(* Let $D$ be a digraph with $n\ge 2$ vertices and $a$ arcs, and let $\alpha\in[0,1)$. Let $\sigma_{1\alpha}(D)$ be the largest singular value of $A_\alpha(D)$. Then $$\sigma_{1\alpha}(D)\ge \frac{a}{n},$$ with equality if and only if $D$ is $\frac{a}{n}$-regular, i.e. every vertex of $D$ has outdegree $\frac an$ and indegree $\frac an$.
   Context: Digraphs are simple: a finite vertex set and a set of arcs, which are ordered pairs of distinct vertices, with no parallel arcs. For a digraph $D$ on vertices $v_1,\dots,v_n$, the adjacency matrix $A(D)=(a_{ij})$ has $a_{ij}=1$ if $(v_i,v_j)$ is an arc and $0$ otherwise; $d_i^+$ is the outdegree of $v_i$, and $\Delta^+(D)=\mathrm{diag}(d_1^+,\dots,d_n^+)$. For $\alpha\in[0,1)$, $A_\alpha(D)=\alpha\Delta^+(D)+(1-\alpha)A(D)$. The singular values of a real square matrix $B$ are the nonnegative square roots of the eigenvalues of $BB^{T}$, counted with multiplicity. *)

theory Defs
  imports "Jordan_Normal_Form.Char_Poly"
begin

definition digraph :: "nat \<Rightarrow> (nat \<times> nat) set \<Rightarrow> bool" where
  "digraph n Arcs \<longleftrightarrow> Arcs \<subseteq> {0..<n} \<times> {0..<n} \<and> (\<forall>i. (i, i) \<notin> Arcs)"

definition outdeg :: "(nat \<times> nat) set \<Rightarrow> nat \<Rightarrow> nat" where
  "outdeg Arcs i = card {j. (i, j) \<in> Arcs}"

definition indeg :: "(nat \<times> nat) set \<Rightarrow> nat \<Rightarrow> nat" where
  "indeg Arcs j = card {i. (i, j) \<in> Arcs}"

definition adj_mat :: "nat \<Rightarrow> (nat \<times> nat) set \<Rightarrow> real mat" where
  "adj_mat n Arcs = mat n n (\<lambda>(i, j). if (i, j) \<in> Arcs then 1 else 0)"

definition outdeg_mat :: "nat \<Rightarrow> (nat \<times> nat) set \<Rightarrow> real mat" where
  "outdeg_mat n Arcs = mat n n (\<lambda>(i, j). if i = j then real (outdeg Arcs i) else 0)"

definition A_alpha :: "real \<Rightarrow> nat \<Rightarrow> (nat \<times> nat) set \<Rightarrow> real mat" where
  "A_alpha \<alpha> n Arcs = \<alpha> \<cdot>\<^sub>m outdeg_mat n Arcs + (1 - \<alpha>) \<cdot>\<^sub>m adj_mat n Arcs"
lemma triple_tensor_sums:
  assumes fin: "finsupp a" "finsupp b" "finsupp c"
    and bc: "br b c = tensor_sum xs" and ca: "br c a = tensor_sum ys" and ab: "br a b = tensor_sum zs"
  shows "triple br a b c (p, q, r) =
      (\<Sum>(k, u, v)\<leftarrow>xs. k * bas v r * br a (bas u) (p, q))
    + (\<Sum>(k, u, v)\<leftarrow>ys. k * bas v p * br b (bas u) (q, r))
    + (\<Sum>(k, u, v)\<leftarrow>zs. k * bas v q * br c (bas u) (r, p))"
  by (simp add: triple_def bc ca ab bracket_tensor_sum_slice fin)

end

section \<open>Brackets of the generators\<close>

lemma deg_le4_on_gensD:
  assumes "deg_le4_on_gens br"
  shows "br qt qs (p, q) \<noteq> 0 \<Longrightarrow> snd p + snd q \<le> 4"
    and "br qt qt (p, q) \<noteq> 0 \<Longrightarrow> snd p + snd q \<le> 4"
    and "br qs qs (p, q) \<noteq> 0 \<Longrightarrow> snd p + snd q \<le> 4"
  using assms unfolding deg_le4_on_gens_def by blast+

lemma bracket_ts_normal_form:
  fixes br :: "'k::field dbr"
  assumes db: "double_bracket br"
    and deg: "\<And>p q. br qt qs (p, q) \<noteq> 0 \<Longrightarrow> snd p + snd q \<le> 4"
  shows "\<exists>g a1 a2 f b1 b2. br qt qs = tensor_sum [(g, (False, 0), (True, 0)),
    (a1, (False, 2), (True, 0)), (a2, (False, 0), (True, 2)), (f, (False, 2), (True, 2)),
    (b1, (False, 4), (True, 0)), (b2, (False, 0), (True, 4))]"
proof -
  let ?ps = "[((False, 0), (True, 0)), ((False, 2), (True, 0)), ((False, 0), (True, 2)),
    ((False, 2), (True, 2)), ((False, 4), (True, 0)), ((False, 0), (True, 4))]"
  have "br qt qs = tensor_sum (map (\<lambda>(u, v). (br qt qs (u, v), u, v)) ?ps)"
  proof (rule tensor_sum_of_support)
    fix z
    assume nz: "br qt qs z \<noteq> 0"
    obtain x n y m where z: "z = ((x, n), (y, m))"
      by (metis prod.exhaust)
    have "x = False" "y = True" "even n" "even m"
      using bracket_paths_vertices[OF db nz[unfolded z qt_def qs_def]] by auto
    moreover have "n + m \<le> 4"
      using deg[of "(x, n)" "(y, m)"] nz by (simp add: z)
    ultimately have "x = False" "y = True" and
      "n = 0 \<and> m = 0 \<or> n = 2 \<and> m = 0 \<or> n = 0 \<and> m = 2 \<or> n = 2 \<and> m = 2
        \<or> n = 4 \<and> m = 0 \<or> n = 0 \<and> m = 4"
      by presburger+
    then show "z \<in> set ?ps"
      by (auto simp: z)
  qed simp
  then show ?thesis
    by (simp only: list.map prod.case) blast
qed

lemma bracket_self_normal_form:
  fixes br :: "'k::field_char_0 dbr"
  assumes db: "double_bracket br"
    and deg: "\<And>p q. br (bas (c, 1)) (bas (c, 1)) (p, q) \<noteq> 0 \<Longrightarrow> snd p + snd q \<le> 4"
  shows "\<exists>L. br (bas (c, 1)) (bas (c, 1)) = tensor_sum [(L, (c, 3), (c, 1)), (- L, (c, 1), (c, 3))]"
proof -
  let ?a = "bas (c, 1) :: path \<Rightarrow> 'k"
  have anti: "br ?a ?a (p, q) = - br ?a ?a (q, p)" for p q
    by (rule bracket_antisym[OF db finsupp_bas finsupp_bas])
  have "br ?a ?a =
      tensor_sum (map (\<lambda>(u, v). (br ?a ?a (u, v), u, v)) [((c, 3), (c, 1)), ((c, 1), (c, 3))])"
  proof (rule tensor_sum_of_support)
    fix z
    assume nz: "br ?a ?a z \<noteq> 0"
    obtain x n y m where z: "z = ((x, n), (y, m))"
      by (metis prod.exhaust)
    have "x = c" "y = c" "odd n" "odd m"
      using bracket_paths_vertices[OF db nz[unfolded z]] by (auto simp: rv_def split: if_splits)
    moreover have "n + m \<le> 4"
      using deg[of "(x, n)" "(y, m)"] nz by (simp add: z)
    moreover have "\<not> (n = 1 \<and> m = 1)"
      using nz anti[of "(c, 1)" "(c, 1)"] by (auto simp: z \<open>x = c\<close> \<open>y = c\<close>)
    ultimately have "x = c" "y = c" and "n = 3 \<and> m = 1 \<or> n = 1 \<and> m = 3"
      by presburger+
    then show "z \<in> set [((c, 3), (c, 1)), ((c, 1), (c, 3))]"
      by (auto simp: z)
  qed simp
  then show ?thesis
    using anti[of "(c, 1)" "(c, 3)"] by auto
qed
lemma glue_sum_comp_vec: "glue j (\<Sum>i\<in>F. comp_vec i (m i) (k i)) = 0"
proof -
  have "glue j (\<Sum>i\<in>F. comp_vec i (m i) (k i))
      = of_int ((\<Sum>i\<in>F. if i = j then 2 * m i - k i else 0)
          - (\<Sum>i\<in>F. if i = j then 2 * k i - m i else 0))"
    by (rule glue_eqI) (simp_all add: inner_sum_left inner_comp_vec_a inner_comp_vec_b)
  also have "\<dots> = 0"
    by (subst of_int_F3_eq_0_iff) (auto simp: sum_subtractf[symmetric] intro!: dvd_sum)
  finally show ?thesis .
qed

lemma root_dual_glue_zero_in_lattice:
  assumes "root_dual v" "\<And>i. glue i v = 0"
  shows "v \<in> N"
proof -
  have "A2_part a b v i \<in> N" for i
    using A2_part_glue_zero[OF assms(1,2), of i] comp_vec_in_lattice by auto
  then have "(\<Sum>i\<in>UNIV. A2_part a b v i) \<in> N"
    by (rule lattice_sum)
  then show ?thesis
    using A2_frame_decomp[OF A2_base_ab, of v] by (simp only:)
qed

definition glue_word :: "real^24 \<Rightarrow> 12 \<Rightarrow> 3" where
  "glue_word v = (\<lambda>i. glue i v)"

definition glue_code :: "(12 \<Rightarrow> 3) set" where
  "glue_code = glue_word ` N"

lemma lattice_glue_codeI:
  assumes "root_dual w" "glue_word w \<in> glue_code"
  shows "w \<in> N"
proof -
  obtain v where v: "v \<in> N" "glue_word v = glue_word w"
    using assms(2) unfolding glue_code_def by auto
  have "w - v \<in> N"
    using assms(1) root_dual_lattice[OF v(1)] v(2)
    by (intro root_dual_glue_zero_in_lattice)
      (auto simp: root_dual_diff glue_diff glue_word_def fun_eq_iff)
  from lattice_add[OF this v(1)] show ?thesis by simp
qed

lemma inner_root_coords:
  "3 * (v \<bullet> w) =
    (\<Sum>i\<in>UNIV. (2 * (v \<bullet> a i) + v \<bullet> b i) * (w \<bullet> a i) + (v \<bullet> a i + 2 * (v \<bullet> b i)) * (w \<bullet> b i))"
proof -
  have "3 * (v \<bullet> w)
      = (\<Sum>i\<in>UNIV. 3 * (coord_x v (a i) (b i) * (a i \<bullet> w) + coord_y v (a i) (b i) * (b i \<bullet> w)))"
    using inner_A2_frame[OF A2_base_ab, of v w] by (simp add: sum_distrib_left)
  also have "\<dots> =
      (\<Sum>i\<in>UNIV. (2 * (v \<bullet> a i) + v \<bullet> b i) * (w \<bullet> a i) + (v \<bullet> a i + 2 * (v \<bullet> b i)) * (w \<bullet> b i))"
    unfolding coord_x_def coord_y_def inner_commute[of "a _" w] inner_commute[of "b _" w]
    by (rule sum.cong) (simp_all add: field_simps)
  finally show ?thesis .
qed
theorem lemma2:
  fixes M :: "'a measure"
    and H :: "'a \<Rightarrow> complex^'nt^'nr"
    and p :: "'a \<Rightarrow> real"
    and a b :: real
  assumes "prob_space M"
    and "H \<in> borel_measurable M"
    and "p \<in> borel_measurable M"
    and "AE \<omega> in M. p \<omega> \<ge> 0"
    and "a > 0" and "b > 0"
  defines "lam \<equiv> (\<lambda>\<omega>. lambda_max (H \<omega>))"
    and "c \<equiv> (\<lambda>\<omega>. a * log 2 (1 + b * p \<omega> * lambda_max (H \<omega>)))"
  shows
    "(((\<exists>\<theta>>0. tail M c \<in> O(\<lambda>x. exp (- \<theta> * x)))
        \<longleftrightarrow> (\<exists>\<theta>>0. tail M (\<lambda>\<omega>. p \<omega> * lam \<omega>) \<in> O(\<lambda>x. x powr (- \<theta>))))
     \<and> ((\<exists>\<theta>>0. tail M (\<lambda>\<omega>. p \<omega> * lam \<omega>) \<in> O(\<lambda>x. x powr (- \<theta>)))
        \<longleftrightarrow> (\<exists>\<theta>>0. tail M (\<lambda>\<omega>. p \<omega> * Re (mat_trace (H \<omega> ** conj_transpose (H \<omega>))))
                        \<in> O(\<lambda>x. x powr (- \<theta>)))))
   \<and> ( ((\<exists>\<theta>>0. integrable M (\<lambda>\<omega>. (1 + b * p \<omega> * lam \<omega>) powr \<theta>))
        \<longleftrightarrow> (\<exists>\<theta>>0. integrable M (\<lambda>\<omega>. exp (\<theta> * c \<omega>))))
     \<and> ((\<exists>\<theta>>0. integrable M (\<lambda>\<omega>. (1 + b * p \<omega> * lam \<omega>) powr \<theta>))
        \<longleftrightarrow> (\<exists>\<theta>>0. integrable M (\<lambda>\<omega>. (1 + p \<omega> * lam \<omega>) powr \<theta>)))
     \<and> ((\<exists>\<theta>>0. integrable M (\<lambda>\<omega>. (1 + p \<omega> * lam \<omega>) powr \<theta>))
        \<longleftrightarrow> (\<exists>\<theta>>0. integrable M (\<lambda>\<omega>. (p \<omega> * lam \<omega>) powr \<theta>))))
   \<and> (prob_space.indep_var M borel p borel lam \<longrightarrow>
       (\<forall>\<theta>>0. (\<integral>\<^sup>+\<omega>. ennreal ((p \<omega> * lam \<omega>) powr \<theta>) \<partial>M)
              = (\<integral>\<^sup>+\<omega>. ennreal (p \<omega> powr \<theta>) \<partial>M) * (\<integral>\<^sup>+\<omega>. ennreal (lam \<omega> powr \<theta>) \<partial>M))
       \<and> (integrable M p \<and> integrable M lam \<longrightarrow>
            (\<exists>\<theta>>0. integrable M (\<lambda>\<omega>. (p \<omega> * lam \<omega>) powr \<theta>))))"
proof -
  interpret prob_space M by fact
  note [measurable] = assms(2,3)
  have [measurable]: "lam \<in> borel_measurable M"
    unfolding lam_def by (rule measurable_compose[OF assms(2) borel_measurable_lambda_max])
  define X where "X = (\<lambda>\<omega>. p \<omega> * lam \<omega>)"
  define T where "T = (\<lambda>\<omega>. p \<omega> * Re (mat_trace (H \<omega> ** conj_transpose (H \<omega>))))"
  have T_eq: "T = (\<lambda>\<omega>. p \<omega> * (norm (H \<omega>))^2)"
    by (simp add: T_def Re_trace_mult_conj_transpose)
  have X_meas [measurable]: "X \<in> borel_measurable M" and T_meas: "T \<in> borel_measurable M"
    unfolding X_def T_eq by measurable
  have X_nonneg: "AE \<omega> in M. 0 \<le> X \<omega>"
    using assms(4) by eventually_elim (simp add: X_def lam_def lambda_max_nonneg)
  have X_le_T: "AE \<omega> in M. X \<omega> \<le> 1 * T \<omega>"
    using assms(4) by eventually_elim
      (simp add: X_def T_eq lam_def mult_left_mono lambda_max_le_norm_power2)
  have T_le_X: "AE \<omega> in M. T \<omega> \<le> CARD('nr) * X \<omega>"
    using assms(4) by eventually_elim
      (simp add: X_def T_eq lam_def mult.left_commute mult_left_mono norm_power2_le_card_lambda_max)
  have tail_X_T: "has_power_tail M X \<longleftrightarrow> has_power_tail M T"
    using has_power_tail_mono[OF X_meas T_meas zero_less_one X_le_T]
      has_power_tail_mono[OF T_meas X_meas _ T_le_X] by auto
  have tail_c_X: "has_exp_tail M c \<longleftrightarrow> has_power_tail M X"
    using has_exp_tail_log_iff[OF X_meas X_nonneg \<open>a > 0\<close> \<open>b > 0\<close>]
    by (simp add: c_def X_def lam_def mult.assoc)
  have pos: "AE \<omega> in M. 0 < 1 + b * p \<omega> * lam \<omega>"
    using X_nonneg by eventually_elim (use \<open>b > 0\<close> in \<open>simp add: X_def mult.assoc add_pos_nonneg\<close>)
  have "c = (\<lambda>\<omega>. a * log 2 (1 + b * p \<omega> * lam \<omega>))"
    by (simp add: c_def lam_def)
  then have moment_c: "(\<exists>\<theta>>0. integrable M (\<lambda>\<omega>. exp (\<theta> * c \<omega>)))
      \<longleftrightarrow> has_power_moment M (\<lambda>\<omega>. 1 + b * p \<omega> * lam \<omega>)"
    using has_power_moment_exp_log2_iff[OF _ pos \<open>a > 0\<close>] by simp
  have moment_b: "has_power_moment M (\<lambda>\<omega>. 1 + b * p \<omega> * lam \<omega>) \<longleftrightarrow> has_power_moment M X"
    using has_power_moment_one_plus_iff[OF X_meas X_nonneg \<open>b > 0\<close>] by (simp add: X_def mult.assoc)
  have moment_1: "has_power_moment M (\<lambda>\<omega>. 1 + p \<omega> * lam \<omega>) \<longleftrightarrow> has_power_moment M X"
    using has_power_moment_one_plus_iff[OF X_meas X_nonneg zero_less_one] by (simp add: X_def)
  have indep: "(\<forall>\<theta>>0. (\<integral>\<^sup>+\<omega>. ennreal ((p \<omega> * lam \<omega>) powr \<theta>) \<partial>M)
        = (\<integral>\<^sup>+\<omega>. ennreal (p \<omega> powr \<theta>) \<partial>M) * (\<integral>\<^sup>+\<omega>. ennreal (lam \<omega> powr \<theta>) \<partial>M))
      \<and> (integrable M p \<and> integrable M lam \<longrightarrow> has_power_moment M X)"
    if "indep_var borel p borel lam"
    using nn_integral_powr_mult_indep[OF that] has_power_moment_mult_indep[OF that]
    by (simp add: X_def)
  show ?thesis
    unfolding has_power_tail_def[symmetric] has_exp_tail_def[symmetric]
      has_power_moment_def[symmetric] X_def[symmetric] T_def[symmetric]
    using tail_X_T tail_c_X moment_c moment_b moment_1 indep by blast
qed
lemma integrable_exp_inner_rho_un:
  assumes s: "0 < s" and N: "0 < N" and ab: "2 * \<alpha> < \<beta>" "0 \<le> \<alpha>" and r: "0 \<le> r"
  shows "integrable (lebesgue_s s) (\<lambda>x. exp (inner_s s t x) * rho_un \<alpha> \<beta> N s r x)"
proof -
  define \<sigma> where "\<sigma> = sqrt (real s / real N)"
  define R where "R = sqrt (real N / real s) * r"
  define m where "m = mstar \<alpha> \<beta>"
  have \<sigma>: "0 < \<sigma>" "\<sigma> * R = r"
    using s N by (simp_all add: \<sigma>_def R_def real_sqrt_mult[symmetric] flip: mult.assoc)
  define A where "A = real N / real s"
  define K where "K = A * (real s * ((\<bar>m\<bar> + r) * (\<beta> + 2 * \<alpha>)) + phiN \<alpha> \<beta> s (\<lambda>_. m))"
  have "\<bar>exp (inner_s s t x) * rho_un \<alpha> \<beta> N s r x\<bar> \<le> exp (\<Sum>i<s. \<bar>t i\<bar> * R) * exp K"
    if x: "x \<in> cube s 0 R" for x
  proof -
    have xi: "\<bar>x i\<bar> \<le> R" if "i < s" for i using x that by (simp add: mem_cube_iff)
    have "t i * x i \<le> \<bar>t i\<bar> * R" if "i < s" for i
      using abs_ge_self[of "t i * x i"] mult_left_mono[OF xi[OF that], of "\<bar>t i\<bar>"]
      by (simp add: abs_mult)
    then have "inner_s s t x \<le> (\<Sum>i<s. \<bar>t i\<bar> * R)"
      unfolding inner_s_def by (intro sum_mono) auto
    moreover have "\<bar>m + \<sigma> * x i\<bar> \<le> \<bar>m\<bar> + r" if "i < s" for i
    proof -
      have "\<bar>\<sigma> * x i\<bar> \<le> \<sigma> * R"
        using mult_left_mono[OF xi[OF that], of \<sigma>] \<sigma>(1) by (simp add: abs_mult)
      then show ?thesis using \<sigma>(2) abs_triangle_ineq[of m "\<sigma> * x i"] by linarith
    qed
    then have "- (real s * ((\<bar>m\<bar> + r) * (\<beta> + 2 * \<alpha>))) \<le> phiN \<alpha> \<beta> s (\<lambda>i\<in>{..<s}. m + \<sigma> * x i)"
      using s ab by (intro phiN_ge) auto
    then have "A * (- phiN \<alpha> \<beta> s (\<lambda>i\<in>{..<s}. m + \<sigma> * x i)) \<le> A * (real s * ((\<bar>m\<bar> + r) * (\<beta> + 2 * \<alpha>)))"
      using N s by (intro mult_left_mono) (auto simp: A_def)
    then have "rho_un \<alpha> \<beta> N s r x \<le> exp K"
      using x unfolding rho_un_rescaled K_def by (simp add: A_def m_def \<sigma>_def R_def algebra_simps)
    ultimately show ?thesis using rho_un_nonneg by (simp add: mult_mono)
  qed
  then show ?thesis
    using r by (intro integrable_bounded_on_cube[where c = 0 and r = R]) (auto simp: rho_un_def R_def)
qed

lemma integrable_rho_un:
  assumes "0 < s" "0 < N" "2 * \<alpha> < \<beta>" "0 \<le> \<alpha>" "0 \<le> r"
  shows "integrable (lebesgue_s s) (rho_un \<alpha> \<beta> N s r)"
  using integrable_exp_inner_rho_un[OF assms, of "\<lambda>_. 0"] by (simp add: inner_s_def)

### How to complete this task
One stretch of the lines above is wanted, from the line that contains "i\<bar> \<le> \<bar>m\<bar>" through the line that contains "using x unfolding". Output it exactly.

### Finished exercise
    moreover have "\<bar>m + \<sigma> * x i\<bar> \<le> \<bar>m\<bar> + r" if "i < s" for i
    proof -
      have "\<bar>\<sigma> * x i\<bar> \<le> \<sigma> * R"
        using mult_left_mono[OF xi[OF that], of \<sigma>] \<sigma>(1) by (simp add: abs_mult)
      then show ?thesis using \<sigma>(2) abs_triangle_ineq[of m "\<sigma> * x i"] by linarith
    qed
    then have "- (real s * ((\<bar>m\<bar> + r) * (\<beta> + 2 * \<alpha>))) \<le> phiN \<alpha> \<beta> s (\<lambda>i\<in>{..<s}. m + \<sigma> * x i)"
      using s ab by (intro phiN_ge) auto
    then have "A * (- phiN \<alpha> \<beta> s (\<lambda>i\<in>{..<s}. m + \<sigma> * x i)) \<le> A * (real s * ((\<bar>m\<bar> + r) * (\<beta> + 2 * \<alpha>)))"
      using N s by (intro mult_left_mono) (auto simp: A_def)
    then have "rho_un \<alpha> \<beta> N s r x \<le> exp K"
      using x unfolding rho_un_rescaled K_def by (simp add: A_def m_def \<sigma>_def R_def algebra_simps)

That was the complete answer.